## [THE PROBLEM]
Which of the lines below mention the word "longleftrightarrow"? Pull each one out.

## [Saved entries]
◆ ◆ ◆ ◆

(* Let $\mathbb C$ be an essentially algebraic category. Define $\mathcal C$ by $\mathrm{Ob}\,\mathcal C=\mathbb C_0$, $\mathrm{Hom}(a,b)$ the setoid of pairs $(f,r)$ with $f\in\mathbb C_1$ and $r$ a proof of $\mathsf{dom}(f)=a\wedge\mathsf{cod}(f)=b$, where $(f,r)\sim(f',r')$ iff $f=_{\mathbb C_1}f'$; transports $\mathrm{Hom}(p,q)(f,r)=(f,r')$; $\mathrm{id}_a=(\mathsf{id}(a),r)$; and $(g,r)\circ(f,s)=(\mathsf{cmp}(u),r')$ where $u\in\mathbb C_2$ is the unique element with $\mathsf{snd}(u)=g$, $\mathsf{fst}(u)=f$. Then $\mathcal C$ is an HF-category. Conversely, let $\mathcal C$ be an HF-category and define $\mathbb C_0=\mathrm{Ob}\,\mathcal C$; $\mathbb C_1$ the setoid of triples $(a,b,f)$ with $f\in\mathrm{Hom}(a,b)$, where $(a,b,f)\sim(a',b',f')$ iff $\exists p:a=a',\exists q:b=b'$ with $\mathrm{Hom}(p,q)(f)=f'$; $\mathsf{dom}(a,b,f)=a$, $\mathsf{cod}(a,b,f)=b$, $\mathsf{id}(a)=(a,a,\mathrm{id}_a)$; $\mathbb C_2$ the setoid of triples $(\mathbf f,\mathbf g,p)$ with $p:\mathsf{cod}(\mathbf f)=\mathsf{dom}(\mathbf g)$, equality being componentwise equality of $\mathbf f,\mathbf g$; $\mathsf{fst}(\mathbf f,\mathbf g,p)=\mathbf f$, $\mathsf{snd}(\mathbf f,\mathbf g,p)=\mathbf g$; and $\mathsf{cmp}((a,b,f),(c,d,g),p)=(a,d,g\circ T(p)\circ f)$ with $T(p)=\mathrm{Hom}(r(b),p)(\mathrm{id}_b)\in\mathrm{Hom}(b,c)$. Then $\mathbb C$ is an essentially algebraic category (satisfies A1–A9).
   Context: Setoids are types with equivalence relations; extensional functions respect them. An essentially algebraic category $\mathbb C$ consists of setoids $\mathbb C_0,\mathbb C_1,\mathbb C_2$ (objects, arrows, composable pairs) and extensional functions $\mathsf{id}:\mathbb C_0\to\mathbb C_1$, $\mathsf{dom},\mathsf{cod}:\mathbb C_1\to\mathbb C_0$, $\mathsf{cmp},\mathsf{fst},\mathsf{snd}:\mathbb C_2\to\mathbb C_1$ satisfying: A1 $\mathsf{dom}(\mathsf{id}(x))=x$; A2 $\mathsf{cod}(\mathsf{id}(x))=x$; A3 $\mathsf{dom}(\mathsf{cmp}(u))=\mathsf{dom}(\mathsf{fst}(u))$; A4 $\mathsf{cod}(\mathsf{cmp}(u))=\mathsf{cod}(\mathsf{snd}(u))$; A5 $\mathsf{fst}(u)=\mathsf{fst}(v)$, $\mathsf{snd}(u)=\mathsf{snd}(v)\Rightarrow u=v$; A6 $\mathsf{dom}(f)=\mathsf{cod}(g)\Rightarrow\exists u\in\mathbb C_2(\mathsf{snd}(u)=f\wedge\mathsf{fst}(u)=g)$; A7 $\mathsf{fst}(u)=\mathsf{id}(y)\Rightarrow\mathsf{cmp}(u)=\mathsf{snd}(u)$; A8 $\mathsf{snd}(u)=\mathsf{id}(x)\Rightarrow\mathsf{cmp}(u)=\mathsf{fst}(u)$; A9 if $\mathsf{fst}(w)=\mathsf{fst}(v)$, $\mathsf{snd}(v)=\mathsf{fst}(u)$, $\mathsf{snd}(u)=\mathsf{snd}(z)$, $\mathsf{snd}(w)=\mathsf{cmp}(u)$, $\mathsf{cmp}(v)=\mathsf{fst}(z)$ then $\mathsf{cmp}(w)=\mathsf{cmp}(z)$. A proof-irrelevant family $H$ of setoids over a setoid $X$: setoids $H(x)$ and extensional transports $H(p):H(x)\to H(y)$ for $p:x=_Xy$ with (F1) $H(\mathrm{refl}(x))=_{\rm ext}\mathrm{id}$, (F2) $H(p)=_{\rm ext}H(q)$ for all $p,q:x=_Xy$, (F3) $H(q)\circ H(p)=_{\rm ext}H(q\circ p)$. An HF-category consists of a setoid $\mathrm{Ob}$, a proof-irrelevant family $\mathrm{Hom}$ over $\mathrm{Ob}\times\mathrm{Ob}$ with transports $\mathrm{Hom}(p,q)$, identities $\mathrm{id}_a\in\mathrm{Hom}(a,a)$, and extensional compositions $\circ_{a,b,c}:\mathrm{Hom}(b,c)\times\mathrm{Hom}(a,b)\to\mathrm{Hom}(a,c)$ satisfying identity and associativity laws and the coherence conditions $\mathrm{id}_{a'}=\mathrm{Hom}(p,p)(\mathrm{id}_a)$ for $p:a=a'$ and $\mathrm{Hom}(p,r)(g\circ f)=\mathrm{Hom}(q,r)(g)\circ\mathrm{Hom}(p,q)(f)$ for $p:a=a'$, $q:b=b'$, $r:c=c'$. $r(x)$ denotes the reflexivity proof of $x=x$. *)

theory Defs
  imports Main
begin

text \<open>Proofs of setoid equalities are propositions,
hence automatically proof-irrelevant in HOL.\<close>

definition setoid :: "'a set \<Rightarrow> ('a \<Rightarrow> 'a \<Rightarrow> bool) \<Rightarrow> bool" where
  "setoid A eq \<longleftrightarrow>
     (\<forall>x\<in>A. eq x x) \<and>
     (\<forall>x\<in>A. \<forall>y\<in>A. eq x y \<longrightarrow> eq y x) \<and>
     (\<forall>x\<in>A. \<forall>y\<in>A. \<forall>z\<in>A. eq x y \<longrightarrow> eq y z \<longrightarrow> eq x z)"

definition ext_fun :: "'a set \<Rightarrow> ('a \<Rightarrow> 'a \<Rightarrow> bool) \<Rightarrow> 'b set \<Rightarrow> ('b \<Rightarrow> 'b \<Rightarrow> bool)
                       \<Rightarrow> ('a \<Rightarrow> 'b) \<Rightarrow> bool" where
  "ext_fun A eqA B eqB f \<longleftrightarrow>
     (\<forall>x\<in>A. f x \<in> B) \<and> (\<forall>x\<in>A. \<forall>y\<in>A. eqA x y \<longrightarrow> eqB (f x) (f y))"

record ('o, 'm, 'c) eacat =
  C0 :: "'o set"
  eq0 :: "'o \<Rightarrow> 'o \<Rightarrow> bool"
  C1 :: "'m set"
  eq1 :: "'m \<Rightarrow> 'm \<Rightarrow> bool"
  C2 :: "'c set"
  eq2 :: "'c \<Rightarrow> 'c \<Rightarrow> bool"
  ea_id :: "'o \<Rightarrow> 'm"
  ea_dom :: "'m \<Rightarrow> 'o"
  ea_cod :: "'m \<Rightarrow> 'o"
  ea_cmp :: "'c \<Rightarrow> 'm"
  ea_fst :: "'c \<Rightarrow> 'm"
  ea_snd :: "'c \<Rightarrow> 'm"

definition is_eacat :: "('o, 'm, 'c, 'z) eacat_scheme \<Rightarrow> bool" where
  "is_eacat C \<longleftrightarrow>
     setoid (C0 C) (eq0 C) \<and> setoid (C1 C) (eq1 C) \<and> setoid (C2 C) (eq2 C) \<and>
     ext_fun (C0 C) (eq0 C) (C1 C) (eq1 C) (ea_id C) \<and>
     ext_fun (C1 C) (eq1 C) (C0 C) (eq0 C) (ea_dom C) \<and>
     ext_fun (C1 C) (eq1 C) (C0 C) (eq0 C) (ea_cod C) \<and>
     ext_fun (C2 C) (eq2 C) (C1 C) (eq1 C) (ea_cmp C) \<and>
     ext_fun (C2 C) (eq2 C) (C1 C) (eq1 C) (ea_fst C) \<and>
     ext_fun (C2 C) (eq2 C) (C1 C) (eq1 C) (ea_snd C) \<and>
     \<comment> \<open>A1\<close>
     (\<forall>x\<in>C0 C. eq0 C (ea_dom C (ea_id C x)) x) \<and>
     \<comment> \<open>A2\<close>
     (\<forall>x\<in>C0 C. eq0 C (ea_cod C (ea_id C x)) x) \<and>
     \<comment> \<open>A3\<close>
     (\<forall>u\<in>C2 C. eq0 C (ea_dom C (ea_cmp C u)) (ea_dom C (ea_fst C u))) \<and>
     \<comment> \<open>A4\<close>
     (\<forall>u\<in>C2 C. eq0 C (ea_cod C (ea_cmp C u)) (ea_cod C (ea_snd C u))) \<and>
     \<comment> \<open>A5\<close>
     (\<forall>u\<in>C2 C. \<forall>v\<in>C2 C. eq1 C (ea_fst C u) (ea_fst C v) \<longrightarrow>
         eq1 C (ea_snd C u) (ea_snd C v) \<longrightarrow> eq2 C u v) \<and>
     \<comment> \<open>A6\<close>
     (\<forall>f\<in>C1 C. \<forall>g\<in>C1 C. eq0 C (ea_dom C f) (ea_cod C g) \<longrightarrow>
         (\<exists>u\<in>C2 C. eq1 C (ea_snd C u) f \<and> eq1 C (ea_fst C u) g)) \<and>
     \<comment> \<open>A7\<close>
     (\<forall>u\<in>C2 C. \<forall>y\<in>C0 C. eq1 C (ea_fst C u) (ea_id C y) \<longrightarrow>
         eq1 C (ea_cmp C u) (ea_snd C u)) \<and>
     \<comment> \<open>A8\<close>
     (\<forall>u\<in>C2 C. \<forall>x\<in>C0 C. eq1 C (ea_snd C u) (ea_id C x) \<longrightarrow>
         eq1 C (ea_cmp C u) (ea_fst C u)) \<and>
     \<comment> \<open>A9\<close>
     (\<forall>w\<in>C2 C. \<forall>v\<in>C2 C. \<forall>u\<in>C2 C. \<forall>z\<in>C2 C.
         eq1 C (ea_fst C w) (ea_fst C v) \<longrightarrow>
         eq1 C (ea_snd C v) (ea_fst C u) \<longrightarrow>
         eq1 C (ea_snd C u) (ea_snd C z) \<longrightarrow>
         eq1 C (ea_snd C w) (ea_cmp C u) \<longrightarrow>
         eq1 C (ea_cmp C v) (ea_fst C z) \<longrightarrow>
         eq1 C (ea_cmp C w) (ea_cmp C z))"

text \<open>Since HOL proofs are propositions, the transport along p : a = a', q : b = b' can
only depend on the endpoints; this is exactly condition (F2).\<close>

record ('o, 'h) hfcat =
  Ob :: "'o set"
  obeq :: "'o \<Rightarrow> 'o \<Rightarrow> bool"
  Hom :: "'o \<Rightarrow> 'o \<Rightarrow> 'h set"
  homeq :: "'o \<Rightarrow> 'o \<Rightarrow> 'h \<Rightarrow> 'h \<Rightarrow> bool"
  tr :: "'o \<Rightarrow> 'o \<Rightarrow> 'o \<Rightarrow> 'o \<Rightarrow> 'h \<Rightarrow> 'h"
  hid :: "'o \<Rightarrow> 'h"
  hcomp :: "'o \<Rightarrow> 'o \<Rightarrow> 'o \<Rightarrow> 'h \<Rightarrow> 'h \<Rightarrow> 'h"  \<comment> \<open>hcomp a b c g f = g o_{a,b,c} f\<close>

definition is_hfcat :: "('o, 'h, 'z) hfcat_scheme \<Rightarrow> bool" where
  "is_hfcat H \<longleftrightarrow>
     setoid (Ob H) (obeq H) \<and>
     (\<forall>a\<in>Ob H. \<forall>b\<in>Ob H. setoid (Hom H a b) (homeq H a b)) \<and>
     \<comment> \<open>transports are extensional functions between the fibres\<close>
     (\<forall>a\<in>Ob H. \<forall>b\<in>Ob H. \<forall>a'\<in>Ob H. \<forall>b'\<in>Ob H. obeq H a a' \<longrightarrow> obeq H b b' \<longrightarrow>
         ext_fun (Hom H a b) (homeq H a b) (Hom H a' b') (homeq H a' b') (tr H a b a' b')) \<and>
     \<comment> \<open>(F1)\<close>
     (\<forall>a\<in>Ob H. \<forall>b\<in>Ob H. \<forall>f\<in>Hom H a b. homeq H a b (tr H a b a b f) f) \<and>
     \<comment> \<open>(F3)\<close>
     (\<forall>a\<in>Ob H. \<forall>b\<in>Ob H. \<forall>a'\<in>Ob H. \<forall>b'\<in>Ob H. \<forall>a''\<in>Ob H. \<forall>b''\<in>Ob H.
         obeq H a a' \<longrightarrow> obeq H b b' \<longrightarrow> obeq H a' a'' \<longrightarrow> obeq H b' b'' \<longrightarrow>
         (\<forall>f\<in>Hom H a b. homeq H a'' b''
              (tr H a' b' a'' b'' (tr H a b a' b' f)) (tr H a b a'' b'' f))) \<and>
     \<comment> \<open>identities\<close>
     (\<forall>a\<in>Ob H. hid H a \<in> Hom H a a) \<and>
     \<comment> \<open>compositions are extensional functions Hom(b,c) x Hom(a,b) -> Hom(a,c)\<close>
     (\<forall>a\<in>Ob H. \<forall>b\<in>Ob H. \<forall>c\<in>Ob H. \<forall>g\<in>Hom H b c. \<forall>f\<in>Hom H a b.
         hcomp H a b c g f \<in> Hom H a c) \<and>
     (\<forall>a\<in>Ob H. \<forall>b\<in>Ob H. \<forall>c\<in>Ob H. \<forall>g\<in>Hom H b c. \<forall>g'\<in>Hom H b c.
         \<forall>f\<in>Hom H a b. \<forall>f'\<in>Hom H a b.
         homeq H b c g g' \<longrightarrow> homeq H a b f f' \<longrightarrow>
         homeq H a c (hcomp H a b c g f) (hcomp H a b c g' f')) \<and>
     \<comment> \<open>identity laws\<close>
     (\<forall>a\<in>Ob H. \<forall>b\<in>Ob H. \<forall>f\<in>Hom H a b.
         homeq H a b (hcomp H a b b (hid H b) f) f \<and>
         homeq H a b (hcomp H a a b f (hid H a)) f) \<and>
     \<comment> \<open>associativity\<close>
     (\<forall>a\<in>Ob H. \<forall>b\<in>Ob H. \<forall>c\<in>Ob H. \<forall>d\<in>Ob H.
         \<forall>h\<in>Hom H c d. \<forall>g\<in>Hom H b c. \<forall>f\<in>Hom H a b.
         homeq H a d (hcomp H a c d h (hcomp H a b c g f))
                     (hcomp H a b d (hcomp H b c d h g) f)) \<and>
     \<comment> \<open>coherence of identities\<close>
     (\<forall>a\<in>Ob H. \<forall>a'\<in>Ob H. obeq H a a' \<longrightarrow>
         homeq H a' a' (hid H a') (tr H a a a' a' (hid H a))) \<and>
     \<comment> \<open>coherence of composition\<close>
     (\<forall>a\<in>Ob H. \<forall>b\<in>Ob H. \<forall>c\<in>Ob H. \<forall>a'\<in>Ob H. \<forall>b'\<in>Ob H. \<forall>c'\<in>Ob H.
         obeq H a a' \<longrightarrow> obeq H b b' \<longrightarrow> obeq H c c' \<longrightarrow>
         (\<forall>g\<in>Hom H b c. \<forall>f\<in>Hom H a b.
            homeq H a' c' (tr H a c a' c' (hcomp H a b c g f))
                          (hcomp H a' b' c' (tr H b c b' c' g) (tr H a b a' b' f))))"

◆ ◆ ◆ ◆

## [SOLUTION TO THIS EXERCISE]
  "setoid A eq \<longleftrightarrow>
  "ext_fun A eqA B eqB f \<longleftrightarrow>
  "is_eacat C \<longleftrightarrow>
  "is_hfcat H \<longleftrightarrow>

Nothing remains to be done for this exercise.